Four weeks have elapsed since I reported that her father had to make a temporary repair to her CAPS II seat for her wheelchair. Parts were ordered for the permanent repair without any offer to a) check the temporary repair b) establish the exact cause of the failure through inspection. I was told that the parts would take four weeks to arrive from the manufacturer and then a date to carry out the repair would be arranged. I have telephoned 3 times since then to explain the urgency and to tell them of an identical failure on the opposite side of the chair: then today, to establish whether the parts have been received.

The helpful worker for the specialist mobility and rehabilitation unit based on the Northern General Hospital site in Sheffield was extremely apologetic, but explained that there was nothing she could do to speed the process up and she did not know when the parts would be received. She said that she would explore it for me, and let me know.

There is a risk to her carers and to my daughter until the repair has been carried out. No-one has questioned me about the risk and there doesn't seem to be a process for prioritising repairs based on the level of risk.
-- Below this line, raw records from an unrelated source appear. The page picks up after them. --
(* Let $q$ be a power of a prime $p$, let $k$ be an algebraically closed field of characteristic $p$, $G=\mathrm{GL}_n(k)$, $\mathfrak{g}=\mathfrak{gl}_n(k)$. Let $F:G\to G$ be $F((g_{i,j}))=\big((g^q_{n+1-j,\,n+1-i})\big)^{-1}$ and $F:\mathfrak{g}\to\mathfrak{g}$ be $F((x_{i,j}))=(x^q_{n+1-j,\,n+1-i})$. Fix $\alpha\in\mathbb{F}_{q^2}\setminus\mathbb{F}_q$ and define $s^{-1}:\mathfrak{g}_{\mathrm{nil}}\to G_{\mathrm{uni}}$ by $s^{-1}(x)=(1+\alpha^q x)^{-1}(\alpha x+1)$. If $x\in\mathfrak{g}_{\mathrm{nil}}$ satisfies $F(x)=x$, then $s^{-1}(x)\in G^F=\{g\in G: F(g)=g\}$.
   Context: $G_{\mathrm{uni}}$ is the set of unipotent elements of $G$ and $\mathfrak{g}_{\mathrm{nil}}$ the set of nilpotent elements of $\mathfrak{g}$; $G^F$ is the finite unitary group $\mathrm{GU}_n(\mathbb{F}_q)$ defined by this $F$. *)

theory Defs
  imports "Jordan_Normal_Form.Matrix" "HOL-Computational_Algebra.Polynomial"
begin

definition alg_closed_type :: "'k::field itself \<Rightarrow> bool" where
  "alg_closed_type _ \<longleftrightarrow> (\<forall>f :: 'k poly. degree f > 0 \<longrightarrow> (\<exists>z. poly f z = 0))"

text \<open>Matrices are n x n JNF matrices, indices 0..n-1; so index n+1-i (1-based) becomes n-1-i.\<close>

definition GL :: "nat \<Rightarrow> 'k::field mat set" where
  "GL n = {g \<in> carrier_mat n n. invertible_mat g}"

definition minv :: "nat \<Rightarrow> 'k::field mat \<Rightarrow> 'k mat" where
  "minv n A = (THE B. B \<in> carrier_mat n n \<and> A * B = 1\<^sub>m n \<and> B * A = 1\<^sub>m n)"

definition nilp :: "nat \<Rightarrow> 'k::field mat set" where
  "nilp n = {x \<in> carrier_mat n n. \<exists>m. x ^\<^sub>m m = 0\<^sub>m n n}"

definition unip :: "nat \<Rightarrow> 'k::field mat set" where
  "unip n = {g \<in> GL n. g - 1\<^sub>m n \<in> nilp n}"

definition F_lie :: "nat \<Rightarrow> nat \<Rightarrow> 'k::field mat \<Rightarrow> 'k mat" where
  "F_lie q n x = mat n n (\<lambda>(i,j). (x $$ (n - 1 - j, n - 1 - i)) ^ q)"

definition F_grp :: "nat \<Rightarrow> nat \<Rightarrow> 'k::field mat \<Rightarrow> 'k mat" where
  "F_grp q n g = minv n (mat n n (\<lambda>(i,j). (g $$ (n - 1 - j, n - 1 - i)) ^ q))"

definition GF :: "nat \<Rightarrow> nat \<Rightarrow> 'k::field mat set" where
  "GF q n = {g \<in> GL n. F_grp q n g = g}"

definition s_inv :: "nat \<Rightarrow> nat \<Rightarrow> 'k::field \<Rightarrow> 'k mat \<Rightarrow> 'k mat" where
  "s_inv q n \<alpha> x = minv n (1\<^sub>m n + (\<alpha> ^ q) \<cdot>\<^sub>m x) * (\<alpha> \<cdot>\<^sub>m x + 1\<^sub>m n)"

end

theory Submission
  imports Defs "Jordan_Normal_Form.Determinant"
begin

text \<open>The map \<open>F_lie\<close> is additive, \<open>q\<close>-semilinear and reverses products (the
  anti-transpose composed with the Frobenius). Since \<open>F x = x\<close> and \<open>\<alpha>^(q^2) = \<alpha>\<close>, it swaps the
  commuting matrices \<open>A = 1 + \<alpha>^q x\<close> and \<open>B = 1 + \<alpha> x\<close>; \<open>A\<close> is invertible because \<open>x\<close> is
  nilpotent. Hence \<open>g = A\<inverse> B\<close> satisfies \<open>F_lie g = A B\<inverse> = g\<inverse>\<close>, i.e. \<open>F g = g\<close>.\<close>

lemma minv_eqI:
  fixes A B :: "'k::field mat"
  assumes A: "A \<in> carrier_mat n n" and B: "B \<in> carrier_mat n n" and AB: "A * B = 1\<^sub>m n"
  shows "minv n A = B"
  unfolding minv_def
proof (rule the_equality)
  have "B * A = 1\<^sub>m n" by (rule mat_mult_left_right_inverse[OF A B AB])
  then show "B \<in> carrier_mat n n \<and> A * B = 1\<^sub>m n \<and> B * A = 1\<^sub>m n" using B AB by blast
next
  fix C assume "C \<in> carrier_mat n n \<and> A * C = 1\<^sub>m n \<and> C * A = 1\<^sub>m n"
  then have C: "C \<in> carrier_mat n n" and CA: "C * A = 1\<^sub>m n" by auto
  have "C = C * (A * B)" using AB C by simp
  also have "\<dots> = (C * A) * B" using A B C by simp
  also have "\<dots> = B" using CA B by simp
  finally show "C = B" .
qed

lemma right_inverse_imp_GL:
  fixes A B :: "'k::field mat"
  assumes A: "A \<in> carrier_mat n n" and B: "B \<in> carrier_mat n n" and AB: "A * B = 1\<^sub>m n"
  shows "A \<in> GL n"
  using A B AB mat_mult_left_right_inverse[OF A B AB]
  unfolding GL_def invertible_mat_def inverts_mat_def square_mat.simps by auto

fun geom_mat :: "'k::field mat \<Rightarrow> nat \<Rightarrow> 'k mat" where
  "geom_mat z 0 = 0\<^sub>m (dim_row z) (dim_row z)"
| "geom_mat z (Suc k) = 1\<^sub>m (dim_row z) + geom_mat z k * z"

lemma geom_mat_carrier [simp]: "z \<in> carrier_mat n n \<Longrightarrow> geom_mat z k \<in> carrier_mat n n"
  by (induction k) auto

lemma mult_geom_mat:
  fixes z M :: "'k::field mat"
  assumes z: "z \<in> carrier_mat n n" and M: "M \<in> carrier_mat n n" and Mz: "M + z = 1\<^sub>m n"
  shows "M * geom_mat z k + z ^\<^sub>m k = 1\<^sub>m n"
proof (induction k)
  case 0
  show ?case using z M by simp
next
  case (Suc k)
  have G: "geom_mat z k \<in> carrier_mat n n" using z by simp
  have "M * geom_mat z (Suc k) = M + M * (geom_mat z k * z)"
    using mult_add_distrib_mat[OF M one_carrier_mat mult_carrier_mat[OF G z]] M G z by simp
  then have "M * geom_mat z (Suc k) + z ^\<^sub>m Suc k = M + (M * geom_mat z k + z ^\<^sub>m k) * z"
    using add_mult_distrib_mat[OF mult_carrier_mat[OF M G] pow_carrier_mat[OF z] z]
      assoc_add_mat[OF M mult_carrier_mat[OF M mult_carrier_mat[OF G z]]
        mult_carrier_mat[OF pow_carrier_mat[OF z] z]] M G z
    by simp
  also have "\<dots> = 1\<^sub>m n" using Suc z Mz by simp
  finally show ?case .
qed

lemma pow_smult_mat:
  fixes x :: "'k::field mat"
  assumes x: "x \<in> carrier_mat n n"
  shows "(c \<cdot>\<^sub>m x) ^\<^sub>m k = c ^ k \<cdot>\<^sub>m x ^\<^sub>m k"
  by (induction k) (use x in \<open>auto simp: mult_smult_assoc_mat[of _ n n] mult_smult_distrib[of _ n n]\<close>)

lemma one_plus_smult_nilp_right_inverse:
  fixes x :: "'k::field mat"
  assumes x: "x \<in> nilp n"
  obtains B where "B \<in> carrier_mat n n" and "(1\<^sub>m n + c \<cdot>\<^sub>m x) * B = 1\<^sub>m n"
proof -
  obtain m where xc: "x \<in> carrier_mat n n" and xm: "x ^\<^sub>m m = 0\<^sub>m n n"
    using x unfolding nilp_def by auto
  define z where "z = (- c) \<cdot>\<^sub>m x"
  have z: "z \<in> carrier_mat n n" using xc by (simp add: z_def)
  have "z ^\<^sub>m m = 0\<^sub>m n n" by (simp add: z_def pow_smult_mat[OF xc] xm)
  moreover have "(1\<^sub>m n + c \<cdot>\<^sub>m x) + z = 1\<^sub>m n" using xc by (intro eq_matI) (auto simp: z_def)
  ultimately have "(1\<^sub>m n + c \<cdot>\<^sub>m x) * geom_mat z m = 1\<^sub>m n"
    using mult_geom_mat[OF z, of "1\<^sub>m n + c \<cdot>\<^sub>m x" m] xc z
    by (simp add: right_add_zero_mat[OF mult_carrier_mat[OF _ geom_mat_carrier[OF z]]])
  then show thesis by (rule that[OF geom_mat_carrier[OF z]])
qed

lemma commute_one_plus_smult:
  fixes X x :: "'k::field mat"
  assumes X: "X \<in> carrier_mat n n" and x: "x \<in> carrier_mat n n" and Xx: "X * x = x * X"
  shows "X * (1\<^sub>m n + c \<cdot>\<^sub>m x) = (1\<^sub>m n + c \<cdot>\<^sub>m x) * X"
  using X x Xx
  by (simp add: add_mult_distrib_mat[of _ n n _ _ n] mult_add_distrib_mat[of _ n n _ n]
      mult_smult_assoc_mat[of _ n n _ n] mult_smult_distrib[of _ n n _ n] comm_add_mat[of _ n n])

lemma one_plus_smult_commute:
  fixes x :: "'k::field mat"
  assumes x: "x \<in> carrier_mat n n"
  shows "(1\<^sub>m n + a \<cdot>\<^sub>m x) * (1\<^sub>m n + b \<cdot>\<^sub>m x) = (1\<^sub>m n + b \<cdot>\<^sub>m x) * (1\<^sub>m n + a \<cdot>\<^sub>m x)"
proof (rule commute_one_plus_smult)
  show "(1\<^sub>m n + a \<cdot>\<^sub>m x) * x = x * (1\<^sub>m n + a \<cdot>\<^sub>m x)"
    using commute_one_plus_smult[OF x x refl, of a] by simp
qed (use x in auto)

lemma F_lie_carrier [simp]: "F_lie q n x \<in> carrier_mat n n"
  unfolding F_lie_def by simp

lemma F_lie_one:
  assumes "q > 0"
  shows "F_lie q n (1\<^sub>m n :: 'k::field mat) = 1\<^sub>m n"
  using assms by (intro eq_matI) (auto simp: F_lie_def)

lemma F_lie_smult:
  fixes x :: "'k::field mat"
  assumes "x \<in> carrier_mat n n"
  shows "F_lie q n (c \<cdot>\<^sub>m x) = c ^ q \<cdot>\<^sub>m F_lie q n x"
  using assms by (intro eq_matI) (auto simp: F_lie_def power_mult_distrib)

lemma F_lie_add:
  fixes A B :: "'k::field mat"
  assumes "prime CHAR('k)" and "q = CHAR('k) ^ e"
    and "A \<in> carrier_mat n n" and "B \<in> carrier_mat n n"
  shows "F_lie q n (A + B) = F_lie q n A + F_lie q n B"
  using assms by (intro eq_matI) (auto simp: F_lie_def freshmans_dream')

lemma F_lie_mult:
  fixes A B :: "'k::field mat"
  assumes char: "prime CHAR('k)" "q = CHAR('k) ^ e"
    and A: "A \<in> carrier_mat n n" and B: "B \<in> carrier_mat n n"
  shows "F_lie q n (A * B) = F_lie q n B * F_lie q n A"
proof (rule eq_matI)
  fix i j assume "i < dim_row (F_lie q n B * F_lie q n A)" "j < dim_col (F_lie q n B * F_lie q n A)"
  then have i: "i < n" and j: "j < n" by (auto simp: F_lie_def)
  have "F_lie q n (A * B) $$ (i, j) = (\<Sum>k<n. A $$ (n-1-j, k) * B $$ (k, n-1-i)) ^ q"
    using A B i j by (simp add: F_lie_def scalar_prod_def lessThan_atLeast0)
  also have "\<dots> = (\<Sum>k<n. (A $$ (n-1-j, k)) ^ q * (B $$ (k, n-1-i)) ^ q)"
    using char by (simp add: freshmans_dream_sum' power_mult_distrib)
  also have "\<dots> = (\<Sum>l<n. (B $$ (n-1-l, n-1-i)) ^ q * (A $$ (n-1-j, n-1-l)) ^ q)"
    by (rule sum.reindex_bij_witness[where i="\<lambda>l. n-1-l" and j="\<lambda>k. n-1-k"])
      (auto simp: mult.commute)
  also have "\<dots> = (F_lie q n B * F_lie q n A) $$ (i, j)"
    using A B i j by (simp add: F_lie_def scalar_prod_def lessThan_atLeast0)
  finally show "F_lie q n (A * B) $$ (i, j) = (F_lie q n B * F_lie q n A) $$ (i, j)" .
qed (auto simp: F_lie_def)

lemma right_inverse_mult_in_GF:
  fixes A B Ai :: "'k::field mat"
  assumes char: "prime CHAR('k)" "q = CHAR('k) ^ e"
    and A: "A \<in> carrier_mat n n" and B: "B \<in> carrier_mat n n" and Ai: "Ai \<in> carrier_mat n n"
    and AAi: "A * Ai = 1\<^sub>m n" and AB: "A * B = B * A"
    and FA: "F_lie q n A = B" and FB: "F_lie q n B = A"
  shows "Ai * B \<in> GF q n"
proof -
  define Bi where "Bi = F_lie q n Ai"
  have Bi: "Bi \<in> carrier_mat n n" by (simp add: Bi_def)
  have "q > 0" using char prime_gt_0_nat by simp
  have "Bi * B = F_lie q n (A * Ai)" using F_lie_mult[OF char A Ai] FA by (simp add: Bi_def)
  also have "\<dots> = 1\<^sub>m n" using AAi F_lie_one[OF \<open>q > 0\<close>] by simp
  finally have BBi: "B * Bi = 1\<^sub>m n" by (rule mat_mult_left_right_inverse[OF Bi B])
  have AiA: "Ai * A = 1\<^sub>m n" by (rule mat_mult_left_right_inverse[OF A Ai AAi])
  have Fg: "F_lie q n (Ai * B) = A * Bi" using F_lie_mult[OF char Ai B] FB by (simp add: Bi_def)
  have "(Ai * B) * (A * Bi) = Ai * ((B * A) * Bi)"
    using assoc_mult_mat[OF Ai B mult_carrier_mat[OF A Bi]] assoc_mult_mat[OF B A Bi] by simp
  also have "\<dots> = (Ai * A) * (B * Bi)"
    using assoc_mult_mat[OF Ai A mult_carrier_mat[OF B Bi]] assoc_mult_mat[OF A B Bi] AB by simp
  also have "\<dots> = 1\<^sub>m n" using AiA BBi by simp
  finally have g_Fg: "(Ai * B) * F_lie q n (Ai * B) = 1\<^sub>m n" unfolding Fg .
  have "F_grp q n (Ai * B) = Ai * B"
    unfolding F_grp_def F_lie_def[symmetric] using Ai B
    by (intro minv_eqI mat_mult_left_right_inverse[OF _ _ g_Fg]) auto
  moreover have "Ai * B \<in> GL n" using Ai B by (intro right_inverse_imp_GL[OF _ _ g_Fg]) auto
  ultimately show ?thesis unfolding GF_def by blast
qed

theorem mainTheorem3:
  fixes p e n :: nat and \<alpha> :: "'k::field" and x :: "'k mat"
  assumes "prime p" and "e \<ge> 1" and "q = p ^ e"
    and "alg_closed_type TYPE('k)" and "CHAR('k) = p"
    and "\<alpha> ^ (q ^ 2) = \<alpha>" and "\<alpha> ^ q \<noteq> \<alpha>"
    and "x \<in> nilp n" and "F_lie q n x = x"
  shows "s_inv q n \<alpha> x \<in> GF q n"
proof -
  have char: "prime CHAR('k)" "q = CHAR('k) ^ e" using assms(1,3,5) by auto
  have x: "x \<in> carrier_mat n n" using assms(8) unfolding nilp_def by auto
  define A where "A = 1\<^sub>m n + \<alpha> ^ q \<cdot>\<^sub>m x"
  define B where "B = 1\<^sub>m n + \<alpha> \<cdot>\<^sub>m x"
  obtain Ai where Ai: "Ai \<in> carrier_mat n n" and AAi: "A * Ai = 1\<^sub>m n"
    using one_plus_smult_nilp_right_inverse[OF assms(8)] unfolding A_def by blast
  have "q > 0" using char prime_gt_0_nat by simp
  then have F_one_plus: "F_lie q n (1\<^sub>m n + c \<cdot>\<^sub>m x) = 1\<^sub>m n + c ^ q \<cdot>\<^sub>m x" for c
    using x assms(9) by (simp add: F_lie_add[OF char] F_lie_smult F_lie_one)
  have "F_lie q n A = B"
    using assms(6) by (simp add: A_def B_def F_one_plus flip: power_mult power2_eq_square)
  moreover have "F_lie q n B = A" by (simp add: A_def B_def F_one_plus)
  moreover have "s_inv q n \<alpha> x = Ai * B"
    using x minv_eqI[OF _ Ai AAi] by (simp add: s_inv_def A_def B_def comm_add_mat[of _ n n])
  ultimately show ?thesis
    using right_inverse_mult_in_GF[OF char _ _ Ai AAi] one_plus_smult_commute[OF x] x
    by (simp add: A_def B_def)
qed

end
The parts in question are standard 'small' parts and had it been a vehicle I wanted repairing, would have been available within a day or so.

What concerns me also is that, according to the worker I'd spoken to, the repair team has a substantial amount of work in process and I have no way of knowing when the repair will be carried out because this can only be established when the parts have been received.

My daughter has no alternative seating arrangements at home or means of mobility. If we are unable to maintain the temporary repair then I do not know what solution I can apply.